POTW Expected Value of a Maximum

[Euge]

If X and Y are independent standard Gaussian variables, find the expected value of the maximum of X and Y.

Note: This problem is due to @Office_Shredder.

 

[jbergman]

If X and Y are independent standard Gaussian variables, find the expected value of the maximum of X and Y.

Note: This problem is due to @Office_Shredder.

What does the word standard mean here? Mean 0 and standard deviation of 1?

 

[Euge]

What does the word standard mean here? Mean 0 and standard deviation of 1?

Yes.

 

[bob012345]

What does the word standard mean here? Mean 0 and standard deviation of 1?

What do you mean by the maximum of X and Y? The sum, the product, independent of each other?

 

[Office_Shredder]

What do you mean by the maximum of X and Y? The sum, the product, independent of each other?

$\mathbf{E}(\max(X,Y))$

 

[BWV]

Will take a stab

The definite integral for the expectation of a Gaussian is
$-exp(-x^2/2)/sqrt(2 π)$

For 2 draws of a standard normal, 50% of the outcomes will have a positive and negative number, the expectation in this case is
$1/sqrt(2 π)$ = 0.40
The integral from 0 to inf

The next case has (x,y) both positive
Using above, the expectation for the minimum of the two positive draws
is
$1/sqrt(2 π)$, then the expectation of the max is the integral from
$1/sqrt(2 π)$ to inf, which is
$exp(-0.4^2)/sqrt(2π)$ = 2.13

For x,y both negative, the max is the integral from
$-1/sqrt(2 π)$ to zero, which is
$-1/sqrt(2 π) +exp(-1/4π)/sqrt(2π)$ =-0.22

So .5(0.40)+.25(2.13) + .25*(-0.22) = 0.68

 

[Office_Shredder]

That's not the right number. When they have opposite signs I think you have the right answer, but when they're the same sign I think you're doing something wrong.

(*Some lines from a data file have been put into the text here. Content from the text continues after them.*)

(* Let $p\ge1$ and let $G_1,G_2$ be finite discrete probability measures on $\mathbb{R}^d\times S_d^{++}(\mathbb{R})$. Suppose that for every $(\mu_0,\Sigma_0)\in\mathbb{R}^d\times S_d^{++}(\mathbb{R})$, $$\int d((\mu_1,\Sigma_1),(\mu_0,\Sigma_0))^p\,dG_1(\mu_1,\Sigma_1)<\infty\quad\text{and}\quad\int d((\mu_0,\Sigma_0),(\mu_2,\Sigma_2))^p\,dG_2(\mu_2,\Sigma_2)<\infty,$$ where $d((\mu_1,\Sigma_1),(\mu_2,\Sigma_2))=\sqrt{\|\mu_1-\mu_2\|_2^2+0.25\,\log(\lambda_{\max}(\Sigma_1,\Sigma_2))^2}$ and $\lambda_{\max}(\Sigma_1,\Sigma_2)$ is the largest eigenvalue $\lambda$ of the generalized eigenvalue problem $\Sigma_1u=\lambda\Sigma_2u$. Then $\text{SMix-}W_p^p(G_1,G_2)<\infty$.
   Context: $S_d^{++}(\mathbb{R})$ is the set of $d\times d$ real symmetric positive definite matrices. Let $\mathbb{S}=\{w\in\mathbb{R}^2:\|w\|_2=1\}$ and $\mathbb{S}^{d-1}=\{v\in\mathbb{R}^d:\|v\|_2=1\}$, with $\mathcal{U}(\cdot)$ the uniform distribution. For $v\in\mathbb{S}^{d-1}$ and $w=(w_1,w_2)\in\mathbb{S}$ set $P_{v,w}(\mu,\Sigma)=w_1\langle v,\mu\rangle+w_2\log\big(\sqrt{v^\top\Sigma v}\big)$. For finite discrete probability measures $G_1,G_2$ on $\mathbb{R}^d\times S_d^{++}(\mathbb{R})$ the sliced mixture Wasserstein distance is $$\text{SMix-}W_p^p(G_1,G_2)=\mathbb{E}_{(w,v)\sim\mathcal{U}(\mathbb{S})\otimes\mathcal{U}(\mathbb{S}^{d-1})}\big[W_p^p(P_{v,w}\sharp G_1,P_{v,w}\sharp G_2)\big],$$ where $\sharp$ denotes push-forward and $W_p^p(\alpha,\beta)=\inf_{\pi\in\Pi(\alpha,\beta)}\int|x-y|^p\,d\pi(x,y)$ is the $p$-th power of the Wasserstein-$p$ distance between probability measures on $\mathbb{R}$. *)

theory Defs
  imports "HOL-Probability.Probability"
begin

definition spd :: "real^'n^'n \<Rightarrow> bool" where
  "spd A \<longleftrightarrow> transpose A = A \<and> (\<forall>x. x \<noteq> 0 \<longrightarrow> x \<bullet> (A *v x) > 0)"

definition finite_discrete_mix :: "((real^'n) \<times> (real^'n^'n)) pmf \<Rightarrow> bool" where
  "finite_discrete_mix G \<longleftrightarrow> finite (set_pmf G) \<and> (\<forall>(m,S)\<in>set_pmf G. spd S)"

definition lambda_max :: "real^'n^'n \<Rightarrow> real^'n^'n \<Rightarrow> real" where
  "lambda_max S1 S2 = Max {l. \<exists>u. u \<noteq> 0 \<and> S1 *v u = l *\<^sub>R (S2 *v u)}"

definition mix_dist :: "(real^'n) \<times> (real^'n^'n) \<Rightarrow> (real^'n) \<times> (real^'n^'n) \<Rightarrow> real" where
  "mix_dist a b = (case a of (m1,S1) \<Rightarrow> case b of (m2,S2) \<Rightarrow>
      sqrt ((norm (m1 - m2))\<^sup>2 + 0.25 * (ln (lambda_max S1 S2))\<^sup>2))"

(* Uniform distribution on the unit sphere: push-forward of the uniform distribution
   on the unit ball under radial projection x \<mapsto> x / |x| (cone measure = normalized
   surface measure). *)
definition unif_sphere :: "'a::euclidean_space measure" where
  "unif_sphere = distr (uniform_measure lborel (ball 0 1)) borel (\<lambda>x. x /\<^sub>R norm x)"

definition proj_vw :: "real^'n \<Rightarrow> real^2 \<Rightarrow> (real^'n) \<times> (real^'n^'n) \<Rightarrow> real" where
  "proj_vw v w x = (case x of (m,S) \<Rightarrow> w$1 * (v \<bullet> m) + w$2 * ln (sqrt (v \<bullet> (S *v v))))"

definition wass_pp :: "real \<Rightarrow> real pmf \<Rightarrow> real pmf \<Rightarrow> real" where
  "wass_pp p \<alpha> \<beta> = Inf {measure_pmf.expectation \<pi> (\<lambda>(x,y). \<bar>x - y\<bar> powr p) | \<pi>.
      map_pmf fst \<pi> = \<alpha> \<and> map_pmf snd \<pi> = \<beta>}"

definition smix_wpp :: "real \<Rightarrow> ((real^'n) \<times> (real^'n^'n)) pmf \<Rightarrow> ((real^'n) \<times> (real^'n^'n)) pmf \<Rightarrow> ennreal" where
  "smix_wpp p G1 G2 = (\<integral>\<^sup>+ (w,v). ennreal (wass_pp p (map_pmf (proj_vw v w) G1) (map_pmf (proj_vw v w) G2))
      \<partial>(unif_sphere \<Otimes>\<^sub>M unif_sphere))"

end

theory Submission
  imports Defs
begin

text \<open>For an atom (m, S) with S positive definite, the projection P_{v,w}(m, S) is a continuous
function of the direction (w, v) on the compact product of spheres, hence bounded; finitely many
atoms therefore share one bound C. The independent coupling of the two projected measures moves
every unit of mass by at most 2C, so each sliced term W_p^p is at most (2C)^p, and so is its
average over the probability measure of directions.\<close>

lemma prob_space_unif_sphere: "prob_space (unif_sphere :: 'a::euclidean_space measure)"
proof -
  have "measure lborel (ball (0::'a) 1) > 0"
    using content_ball_pos[of 1 "0::'a"] by simp
  then have "emeasure lborel (ball (0::'a) 1) \<noteq> 0"
    by (metis measure_def enn2real_0 less_irrefl)
  then have "prob_space (uniform_measure lborel (ball (0::'a) 1))"
    using emeasure_lborel_ball_finite[of "0::'a" 1] by (intro prob_space_uniform_measure) auto
  then show ?thesis
    unfolding unif_sphere_def by (intro prob_space.prob_space_distr) auto
qed

lemma AE_unif_sphere: "AE x in (unif_sphere :: 'a::euclidean_space measure). norm x = 1"
  unfolding unif_sphere_def
proof (subst AE_distr_iff)
  show "(\<lambda>x. x /\<^sub>R norm x) \<in> uniform_measure lborel (ball (0::'a) 1) \<rightarrow>\<^sub>M borel" by simp
  show "{x \<in> space borel. norm (x::'a) = 1} \<in> sets borel" by measurable
  show "AE x in uniform_measure lborel (ball (0::'a) 1). norm (x /\<^sub>R norm x) = 1"
    by (intro AE_uniform_measureI) (auto intro: AE_mp[OF AE_lborel_singleton[of 0]])
qed

lemma AE_pair_unif_sphere:
  "AE z in (unif_sphere :: 'a::euclidean_space measure) \<Otimes>\<^sub>M (unif_sphere :: 'b::euclidean_space measure).
     norm (fst z) = 1 \<and> norm (snd z) = 1"
proof -
  interpret pair_sigma_finite "unif_sphere :: 'a measure" "unif_sphere :: 'b measure"
    by (simp add: pair_sigma_finite_def prob_space_imp_sigma_finite prob_space_unif_sphere)
  have "{z \<in> space ((unif_sphere :: 'a measure) \<Otimes>\<^sub>M (unif_sphere :: 'b measure)).
      norm (fst z) = 1 \<and> norm (snd z) = 1} \<in> sets (unif_sphere \<Otimes>\<^sub>M unif_sphere)"
    unfolding unif_sphere_def by measurable
  moreover have "AE x in (unif_sphere :: 'a measure). AE y in (unif_sphere :: 'b measure).
      norm x = 1 \<and> norm y = 1"
    by (rule AE_mp[OF AE_unif_sphere], rule AE_I2) (auto intro: AE_mp[OF AE_unif_sphere])
  ultimately show ?thesis
    using AE_pair_iff[of "\<lambda>x y. norm x = 1 \<and> norm y = 1"] by simp
qed

lemma smix_wpp_le:
  fixes G1 G2 :: "((real^'n) \<times> (real^'n^'n)) pmf"
  assumes "\<And>w v. norm w = 1 \<Longrightarrow> norm v = 1 \<Longrightarrow>
      wass_pp p (map_pmf (proj_vw v w) G1) (map_pmf (proj_vw v w) G2) \<le> K"
  shows "smix_wpp p G1 G2 \<le> ennreal K"
proof -
  interpret prob_space "(unif_sphere :: (real^2) measure) \<Otimes>\<^sub>M (unif_sphere :: (real^'n) measure)"
    by (intro prob_space_pair prob_space_unif_sphere)
  have "smix_wpp p G1 G2 \<le> (\<integral>\<^sup>+ z. ennreal K
      \<partial>((unif_sphere :: (real^2) measure) \<Otimes>\<^sub>M (unif_sphere :: (real^'n) measure)))"
    unfolding smix_wpp_def
    by (intro nn_integral_mono_AE, rule AE_mp[OF AE_pair_unif_sphere])
      (auto intro!: ennreal_leI assms)
  also have "\<dots> = ennreal K" using emeasure_space_1 by simp
  finally show ?thesis .
qed

lemma bounded_proj_vw:
  assumes "spd S"
  shows "bounded ((\<lambda>(w, v). proj_vw v w (m, S)) ` (sphere (0::real^2) 1 \<times> sphere (0::real^'n) 1))"
proof -
  let ?K = "sphere (0::real^2) 1 \<times> sphere (0::real^'n) 1"
  let ?f = "\<lambda>z::(real^2) \<times> (real^'n).
    fst z $ 1 * (snd z \<bullet> m) + fst z $ 2 * ln (sqrt (snd z \<bullet> (S *v snd z)))"
  have "sqrt (snd z \<bullet> (S *v snd z)) \<noteq> 0" if "z \<in> ?K" for z
  proof -
    have "snd z \<noteq> 0" using that by auto
    then show ?thesis using assms unfolding spd_def by (metis less_irrefl real_sqrt_eq_zero_cancel_iff)
  qed
  moreover have "continuous_on ?K (\<lambda>z. S *v snd z)"
    by (intro continuous_on_compose2[OF matrix_vector_mult_linear_continuous_on] continuous_intros)
      auto
  ultimately have "continuous_on ?K ?f"
    by (intro continuous_intros) auto
  then have "bounded (?f ` ?K)"
    by (intro compact_imp_bounded compact_continuous_image compact_Times) auto
  moreover have "(\<lambda>(w, v). proj_vw v w (m, S)) = ?f"
    by (auto simp: proj_vw_def fun_eq_iff)
  ultimately show ?thesis by simp
qed

lemma wass_pp_le_coupling:
  assumes "map_pmf fst \<pi> = \<alpha>" and "map_pmf snd \<pi> = \<beta>"
  shows "wass_pp p \<alpha> \<beta> \<le> measure_pmf.expectation \<pi> (\<lambda>(x, y). \<bar>x - y\<bar> powr p)"
  unfolding wass_pp_def
proof (rule cInf_lower)
  show "bdd_below {measure_pmf.expectation \<pi> (\<lambda>(x, y). \<bar>x - y\<bar> powr p) | \<pi>.
      map_pmf fst \<pi> = \<alpha> \<and> map_pmf snd \<pi> = \<beta>}"
    by (rule bdd_belowI[of _ 0]) (auto intro!: Bochner_Integration.integral_nonneg)
qed (use assms in auto)

lemma wass_pp_le_bounded_support:
  fixes \<alpha> \<beta> :: "real pmf"
  assumes "p \<ge> 0" and "\<forall>x\<in>set_pmf \<alpha>. \<bar>x\<bar> \<le> C" and "\<forall>y\<in>set_pmf \<beta>. \<bar>y\<bar> \<le> C"
  shows "wass_pp p \<alpha> \<beta> \<le> (2 * C) powr p"
proof -
  let ?c = "\<lambda>(x, y). \<bar>x - y\<bar> powr p"
  have bound: "AE z in measure_pmf (pair_pmf \<alpha> \<beta>). ?c z \<le> (2 * C) powr p"
  proof (rule AE_pmfI)
    fix z assume "z \<in> set_pmf (pair_pmf \<alpha> \<beta>)"
    then obtain x y where "z = (x, y)" "\<bar>x - y\<bar> \<le> 2 * C"
      using assms(2,3) by (fastforce simp: set_pair_pmf)
    then show "?c z \<le> (2 * C) powr p" using assms(1) by (simp add: powr_mono2)
  qed
  have "wass_pp p \<alpha> \<beta> \<le> measure_pmf.expectation (pair_pmf \<alpha> \<beta>) ?c"
    by (rule wass_pp_le_coupling) (simp_all add: map_fst_pair_pmf map_snd_pair_pmf)
  moreover have "integrable (measure_pmf (pair_pmf \<alpha> \<beta>)) ?c"
    using bound
    by (intro measure_pmf.integrable_const_bound[where B="(2 * C) powr p"])
      (auto elim!: eventually_mono)
  ultimately show ?thesis
    using bound measure_pmf.integral_le_const order_trans by blast
qed

lemma proj_vw_uniform_bound:
  fixes A :: "((real^'n) \<times> (real^'n^'n)) set"
  assumes "finite A" and "\<forall>(m, S)\<in>A. spd S"
  obtains C where "\<And>a w v. a \<in> A \<Longrightarrow> norm w = 1 \<Longrightarrow> norm v = 1 \<Longrightarrow> \<bar>proj_vw v w a\<bar> \<le> C"
proof -
  let ?K = "sphere (0::real^2) 1 \<times> sphere (0::real^'n) 1"
  let ?P = "\<Union>a\<in>A. (\<lambda>(w, v). proj_vw v w a) ` ?K"
  have "bounded ?P"
  proof (intro bounded_UN ballI)
    fix a assume "a \<in> A"
    then have "spd (snd a)" using assms(2) by auto
    then show "bounded ((\<lambda>(w, v). proj_vw v w a) ` ?K)"
      using bounded_proj_vw[of "snd a" "fst a"] by simp
  qed (rule assms(1))
  then obtain C where bound: "\<forall>x\<in>?P. \<bar>x\<bar> \<le> C" unfolding bounded_real by blast
  show thesis
  proof (rule that, rule bspec[OF bound])
    fix a and w :: "real^2" and v :: "real^'n"
    assume "a \<in> A" "norm w = 1" "norm v = 1"
    then show "proj_vw v w a \<in> ?P"
      by (intro UN_I[of a] image_eqI[where x="(w, v)"]) auto
  qed
qed

theorem proposition3:
  fixes p :: real
    and G1 G2 :: "((real^'n) \<times> (real^'n^'n)) pmf"
  assumes "p \<ge> 1"
    and "finite_discrete_mix G1" and "finite_discrete_mix G2"
    and "\<And>m0 S0. spd S0 \<Longrightarrow>
           (\<integral>\<^sup>+ x. ennreal (mix_dist x (m0,S0) powr p) \<partial>(measure_pmf G1)) < \<infinity>"
    and "\<And>m0 S0. spd S0 \<Longrightarrow>
           (\<integral>\<^sup>+ x. ennreal (mix_dist (m0,S0) x powr p) \<partial>(measure_pmf G2)) < \<infinity>"
  shows "smix_wpp p G1 G2 < \<infinity>"
proof -
  let ?A = "set_pmf G1 \<union> set_pmf G2"
  have "finite ?A" and "\<forall>(m, S)\<in>?A. spd S"
    using assms(2,3) by (auto simp: finite_discrete_mix_def)
  then obtain C where C: "\<And>a w v. a \<in> ?A \<Longrightarrow> norm w = 1 \<Longrightarrow> norm v = 1 \<Longrightarrow> \<bar>proj_vw v w a\<bar> \<le> C"
    by (rule proj_vw_uniform_bound) blast+
  have "smix_wpp p G1 G2 \<le> ennreal ((2 * C) powr p)"
  proof (rule smix_wpp_le)
    fix w :: "real^2" and v :: "real^'n" assume "norm w = 1" "norm v = 1"
    then show "wass_pp p (map_pmf (proj_vw v w) G1) (map_pmf (proj_vw v w) G2) \<le> (2 * C) powr p"
      using assms(1) by (intro wass_pp_le_bounded_support) (auto intro: C)
  qed
  then show ?thesis by (rule le_less_trans) simp
qed

end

I don't know how you get the expected value of the smaller one, and I'm skeptical you can compute the expected value of the larger one by just integrating from e.v. of smaller one to infinity (maybe that works but it's not obvious to me)

 

[ergospherical]

I put Z = max(X,Y) then considered P(Z < z) = P(X < z)P(Y < z), which is\begin{align*}
P(Z<z) = \frac{1}{2\pi} \left( \int_{-\infty}^{z} e^{-\frac{1}{2} x^2} dx \right)^2
\end{align*}differentiating this gives the distribution of Z\begin{align*}
f(z) = \frac{1}{\pi} e^{-\frac{1}{2}z^2} \int_{-\infty}^z e^{-\frac{1}{2}x^2} dx
\end{align*}then the expectation of Z would be\begin{align*}
E(Z) = \int_{-\infty}^{\infty} zf(z) dz &= \frac{1}{\pi} \int_{-\infty}^{\infty} ze^{-\frac{1}{2}z^2} \left( \int_{-\infty}^z e^{-\frac{1}{2}x^2} dx \right) dz \\
&= \frac{1}{\pi} \left[ -e^{-\frac{1}{2} z^2} \int_{-\infty}^z e^{-\frac{1}{2}x^2} dx \right]_{-\infty}^{\infty} + \frac{1}{\pi} \int_{-\infty}^{\infty} e^{-z^2} dz \\
&= 0 + \frac{1}{\sqrt{\pi}}
\end{align*}

 

[PeroK]

I put Z = max(X,Y) then considered P(Z < z) = P(X < z)P(Y < z), which is\begin{align*}
P(Z<z) = \frac{1}{2\pi} \left( \int_{-\infty}^{z} e^{-\frac{1}{2} x^2} dx \right)^2
\end{align*}differentiating this gives the distribution of Z\begin{align*}
f(z) = \frac{1}{\pi} e^{-\frac{1}{2}z^2} \int_{-\infty}^z e^{-\frac{1}{2}x^2} dx
\end{align*}then the expectation of Z would be\begin{align*}
E(Z) = \int_{-\infty}^{\infty} zf(z) dz &= \frac{1}{\pi} \int_{-\infty}^{\infty} ze^{-\frac{1}{2}z^2} \left( \int_{-\infty}^z e^{-\frac{1}{2}x^2} dx \right) dz \\
&= \frac{1}{\pi} \left[ -e^{-\frac{1}{2} z^2} \int_{-\infty}^z e^{-\frac{1}{2}x^2} dx \right]_{-\infty}^{\infty} + \frac{1}{\pi} \int_{-\infty}^{\infty} e^{-z^2} dz \\
&= 0 + \frac{1}{\sqrt{\pi}}
\end{align*}

I think that's excellent, but you'll get zero marks from @Office_Shredder for leaving that $0$ in the answer. It shows you are just regurgitating symbols back at him!

 

[Office_Shredder]

Right, I think we coincidentally covered the only valid representation of this answer here

https://www.physicsforums.com/threa...-compared-to-my-solution.1046454/post-6812896

Nice work @ergospherical. I actually computed this via a pretty different looking starting integral if anyone else is still poking around at other solutions.

 

[pbuk]

Nice work @ergospherical. I actually computed this via a pretty different looking starting integral if anyone else is still poking around at other solutions.

I wonder what? This:

I put Z = max(X,Y) then considered P(Z < z) = P(X < z)P(Y < z), which is \begin{align*}
P(Z<z) = \frac{1}{2\pi} \left( \int_{-\infty}^{z} e^{-\frac{1}{2} x^2} dx \right)^2
\end{align*}

is the only way I can see?

 

[Office_Shredder]

I wonder what? This:

is the only way I can see?

You can write the expected value as a two dimensional integral by definition, and then solve from there.

 

[pbuk]

You can write the expected value as a two dimensional integral by definition, and then solve from there.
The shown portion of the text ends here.